## Assigned task:
Reproduce only the lines of the material below that start at the line containing "obtain \<iota> where" and stop at the line containing "using permutes_inj[of \<sigma>]". Keep both end lines.

## Supplied records:
.....
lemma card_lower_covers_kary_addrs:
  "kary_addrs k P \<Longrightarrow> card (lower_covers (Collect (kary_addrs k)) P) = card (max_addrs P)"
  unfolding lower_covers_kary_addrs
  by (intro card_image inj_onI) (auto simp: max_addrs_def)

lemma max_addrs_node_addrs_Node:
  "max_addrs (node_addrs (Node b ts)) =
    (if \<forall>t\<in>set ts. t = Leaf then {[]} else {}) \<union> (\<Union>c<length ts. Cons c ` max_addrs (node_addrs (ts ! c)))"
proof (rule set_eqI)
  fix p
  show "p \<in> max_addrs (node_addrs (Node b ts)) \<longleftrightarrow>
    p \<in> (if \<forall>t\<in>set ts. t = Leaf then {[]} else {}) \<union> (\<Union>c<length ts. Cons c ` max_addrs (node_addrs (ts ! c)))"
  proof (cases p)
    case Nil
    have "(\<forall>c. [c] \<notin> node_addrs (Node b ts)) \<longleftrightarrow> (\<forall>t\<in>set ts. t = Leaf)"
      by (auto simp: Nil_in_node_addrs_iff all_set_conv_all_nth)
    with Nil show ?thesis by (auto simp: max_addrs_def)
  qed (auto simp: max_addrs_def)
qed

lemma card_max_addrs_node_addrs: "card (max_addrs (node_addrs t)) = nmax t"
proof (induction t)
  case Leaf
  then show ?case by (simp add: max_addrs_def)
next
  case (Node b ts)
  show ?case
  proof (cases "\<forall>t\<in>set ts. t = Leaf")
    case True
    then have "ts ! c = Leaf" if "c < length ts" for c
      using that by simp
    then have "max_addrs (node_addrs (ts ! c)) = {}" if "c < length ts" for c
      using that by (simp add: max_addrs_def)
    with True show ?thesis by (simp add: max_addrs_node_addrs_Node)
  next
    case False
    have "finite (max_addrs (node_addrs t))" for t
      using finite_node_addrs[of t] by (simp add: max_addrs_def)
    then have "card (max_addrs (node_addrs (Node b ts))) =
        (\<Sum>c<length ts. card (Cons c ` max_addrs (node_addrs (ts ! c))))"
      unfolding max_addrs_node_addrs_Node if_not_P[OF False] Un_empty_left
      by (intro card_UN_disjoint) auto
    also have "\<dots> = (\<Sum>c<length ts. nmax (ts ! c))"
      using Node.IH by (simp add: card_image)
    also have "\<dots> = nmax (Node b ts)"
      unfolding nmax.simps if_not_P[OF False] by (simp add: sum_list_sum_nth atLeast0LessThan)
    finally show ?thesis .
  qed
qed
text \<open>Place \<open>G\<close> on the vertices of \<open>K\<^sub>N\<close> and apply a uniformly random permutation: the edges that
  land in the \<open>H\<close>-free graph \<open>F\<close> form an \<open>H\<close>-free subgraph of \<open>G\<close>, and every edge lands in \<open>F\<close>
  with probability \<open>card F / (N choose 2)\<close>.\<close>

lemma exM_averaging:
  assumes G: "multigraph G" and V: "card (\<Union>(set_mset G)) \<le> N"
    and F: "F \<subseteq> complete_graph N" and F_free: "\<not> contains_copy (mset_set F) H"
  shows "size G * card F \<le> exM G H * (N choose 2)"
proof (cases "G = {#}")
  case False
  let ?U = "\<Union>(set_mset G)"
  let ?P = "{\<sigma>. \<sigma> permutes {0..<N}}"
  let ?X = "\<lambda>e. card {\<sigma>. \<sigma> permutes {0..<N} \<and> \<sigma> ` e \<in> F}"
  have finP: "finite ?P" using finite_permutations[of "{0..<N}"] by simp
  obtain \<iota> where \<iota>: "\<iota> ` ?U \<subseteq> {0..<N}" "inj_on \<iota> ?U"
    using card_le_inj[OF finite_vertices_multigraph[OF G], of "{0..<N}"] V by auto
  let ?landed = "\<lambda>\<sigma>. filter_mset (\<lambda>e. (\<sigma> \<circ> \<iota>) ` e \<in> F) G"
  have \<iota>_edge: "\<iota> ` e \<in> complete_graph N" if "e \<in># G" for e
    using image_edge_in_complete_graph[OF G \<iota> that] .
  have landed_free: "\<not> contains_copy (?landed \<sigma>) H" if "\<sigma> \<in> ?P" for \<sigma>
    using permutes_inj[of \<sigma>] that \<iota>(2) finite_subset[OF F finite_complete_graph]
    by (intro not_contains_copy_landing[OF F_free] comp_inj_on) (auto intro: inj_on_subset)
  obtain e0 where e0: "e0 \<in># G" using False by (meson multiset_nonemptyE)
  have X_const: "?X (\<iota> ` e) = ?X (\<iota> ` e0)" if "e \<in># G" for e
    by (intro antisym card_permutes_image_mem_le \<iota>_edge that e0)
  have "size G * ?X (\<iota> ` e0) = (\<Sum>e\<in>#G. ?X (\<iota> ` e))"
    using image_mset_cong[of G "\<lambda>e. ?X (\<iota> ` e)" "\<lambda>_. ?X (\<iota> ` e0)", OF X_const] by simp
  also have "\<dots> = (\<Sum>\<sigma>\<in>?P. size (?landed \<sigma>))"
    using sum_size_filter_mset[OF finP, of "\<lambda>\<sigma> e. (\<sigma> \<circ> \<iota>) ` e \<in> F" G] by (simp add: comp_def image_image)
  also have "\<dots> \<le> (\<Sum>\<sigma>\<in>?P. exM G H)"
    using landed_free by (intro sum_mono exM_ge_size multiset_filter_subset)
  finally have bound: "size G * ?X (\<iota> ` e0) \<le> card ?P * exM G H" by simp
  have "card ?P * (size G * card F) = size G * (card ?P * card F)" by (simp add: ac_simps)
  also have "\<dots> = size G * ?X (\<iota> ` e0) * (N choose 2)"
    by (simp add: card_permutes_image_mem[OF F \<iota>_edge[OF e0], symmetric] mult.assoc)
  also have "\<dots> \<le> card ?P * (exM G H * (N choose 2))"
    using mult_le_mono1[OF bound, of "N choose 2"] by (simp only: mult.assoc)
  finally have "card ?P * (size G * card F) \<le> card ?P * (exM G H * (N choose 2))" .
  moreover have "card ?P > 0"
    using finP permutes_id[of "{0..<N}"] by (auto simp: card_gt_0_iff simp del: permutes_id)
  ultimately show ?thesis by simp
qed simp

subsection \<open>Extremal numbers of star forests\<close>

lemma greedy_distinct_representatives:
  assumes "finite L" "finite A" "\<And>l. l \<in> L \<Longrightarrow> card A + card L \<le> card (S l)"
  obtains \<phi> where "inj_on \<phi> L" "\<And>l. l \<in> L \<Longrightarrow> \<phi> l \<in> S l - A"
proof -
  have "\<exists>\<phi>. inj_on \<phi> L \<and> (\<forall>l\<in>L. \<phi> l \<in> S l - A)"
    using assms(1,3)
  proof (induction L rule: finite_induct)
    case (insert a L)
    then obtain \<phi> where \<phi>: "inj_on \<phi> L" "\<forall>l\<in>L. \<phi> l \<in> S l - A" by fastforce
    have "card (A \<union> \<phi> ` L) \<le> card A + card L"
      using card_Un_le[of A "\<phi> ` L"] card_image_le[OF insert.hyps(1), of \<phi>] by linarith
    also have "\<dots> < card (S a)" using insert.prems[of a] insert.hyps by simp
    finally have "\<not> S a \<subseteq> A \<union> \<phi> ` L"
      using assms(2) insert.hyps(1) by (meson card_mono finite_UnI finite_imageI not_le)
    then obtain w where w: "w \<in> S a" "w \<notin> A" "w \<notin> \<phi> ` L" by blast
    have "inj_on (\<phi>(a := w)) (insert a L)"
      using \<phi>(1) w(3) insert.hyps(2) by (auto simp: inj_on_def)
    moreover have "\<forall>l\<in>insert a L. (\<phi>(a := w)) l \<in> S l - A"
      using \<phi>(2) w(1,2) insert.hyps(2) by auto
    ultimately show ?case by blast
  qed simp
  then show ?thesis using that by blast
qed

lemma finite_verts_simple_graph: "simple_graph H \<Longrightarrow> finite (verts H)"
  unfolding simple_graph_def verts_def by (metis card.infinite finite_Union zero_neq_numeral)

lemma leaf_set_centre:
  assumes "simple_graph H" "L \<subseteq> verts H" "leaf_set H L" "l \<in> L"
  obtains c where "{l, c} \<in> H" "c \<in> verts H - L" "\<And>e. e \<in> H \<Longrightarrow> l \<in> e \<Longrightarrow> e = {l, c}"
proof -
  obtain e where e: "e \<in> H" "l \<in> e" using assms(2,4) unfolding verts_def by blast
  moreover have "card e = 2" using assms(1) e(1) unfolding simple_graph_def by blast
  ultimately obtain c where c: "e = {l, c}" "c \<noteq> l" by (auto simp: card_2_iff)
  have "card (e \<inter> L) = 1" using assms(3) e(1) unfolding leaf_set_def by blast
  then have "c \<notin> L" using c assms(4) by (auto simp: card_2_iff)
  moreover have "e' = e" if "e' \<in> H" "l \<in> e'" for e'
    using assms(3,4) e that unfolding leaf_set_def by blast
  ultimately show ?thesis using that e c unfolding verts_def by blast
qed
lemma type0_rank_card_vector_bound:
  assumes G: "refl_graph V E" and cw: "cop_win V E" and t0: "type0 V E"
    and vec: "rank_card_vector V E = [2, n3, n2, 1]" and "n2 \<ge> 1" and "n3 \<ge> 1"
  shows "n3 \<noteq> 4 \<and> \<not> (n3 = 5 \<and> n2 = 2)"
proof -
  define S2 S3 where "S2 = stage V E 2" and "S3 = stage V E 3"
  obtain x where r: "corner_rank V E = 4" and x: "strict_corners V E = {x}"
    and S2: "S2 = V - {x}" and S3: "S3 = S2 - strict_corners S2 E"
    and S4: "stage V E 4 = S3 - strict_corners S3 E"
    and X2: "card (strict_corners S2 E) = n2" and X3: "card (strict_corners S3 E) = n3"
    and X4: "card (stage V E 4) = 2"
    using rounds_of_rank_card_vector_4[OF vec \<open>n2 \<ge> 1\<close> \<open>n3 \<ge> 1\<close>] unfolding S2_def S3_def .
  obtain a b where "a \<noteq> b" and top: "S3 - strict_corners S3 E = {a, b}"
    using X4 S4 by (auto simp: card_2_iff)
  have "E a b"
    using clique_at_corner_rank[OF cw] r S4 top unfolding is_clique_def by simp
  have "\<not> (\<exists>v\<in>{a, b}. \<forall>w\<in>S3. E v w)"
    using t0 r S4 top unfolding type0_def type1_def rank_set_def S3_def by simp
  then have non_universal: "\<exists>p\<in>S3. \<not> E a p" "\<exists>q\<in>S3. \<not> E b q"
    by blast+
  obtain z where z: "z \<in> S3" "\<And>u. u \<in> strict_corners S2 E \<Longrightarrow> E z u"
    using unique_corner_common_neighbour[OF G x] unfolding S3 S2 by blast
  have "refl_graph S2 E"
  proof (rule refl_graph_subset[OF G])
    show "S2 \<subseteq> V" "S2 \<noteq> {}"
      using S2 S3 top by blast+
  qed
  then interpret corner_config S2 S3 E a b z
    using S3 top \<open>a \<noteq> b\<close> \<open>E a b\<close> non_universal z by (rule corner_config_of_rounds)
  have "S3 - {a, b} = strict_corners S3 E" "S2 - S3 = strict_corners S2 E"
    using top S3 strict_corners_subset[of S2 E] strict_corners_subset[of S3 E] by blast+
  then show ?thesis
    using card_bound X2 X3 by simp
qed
.....
## Problem solution:
  obtain \<iota> where \<iota>: "\<iota> ` ?U \<subseteq> {0..<N}" "inj_on \<iota> ?U"
    using card_le_inj[OF finite_vertices_multigraph[OF G], of "{0..<N}"] V by auto
  let ?landed = "\<lambda>\<sigma>. filter_mset (\<lambda>e. (\<sigma> \<circ> \<iota>) ` e \<in> F) G"
  have \<iota>_edge: "\<iota> ` e \<in> complete_graph N" if "e \<in># G" for e
    using image_edge_in_complete_graph[OF G \<iota> that] .
  have landed_free: "\<not> contains_copy (?landed \<sigma>) H" if "\<sigma> \<in> ?P" for \<sigma>
    using permutes_inj[of \<sigma>] that \<iota>(2) finite_subset[OF F finite_complete_graph]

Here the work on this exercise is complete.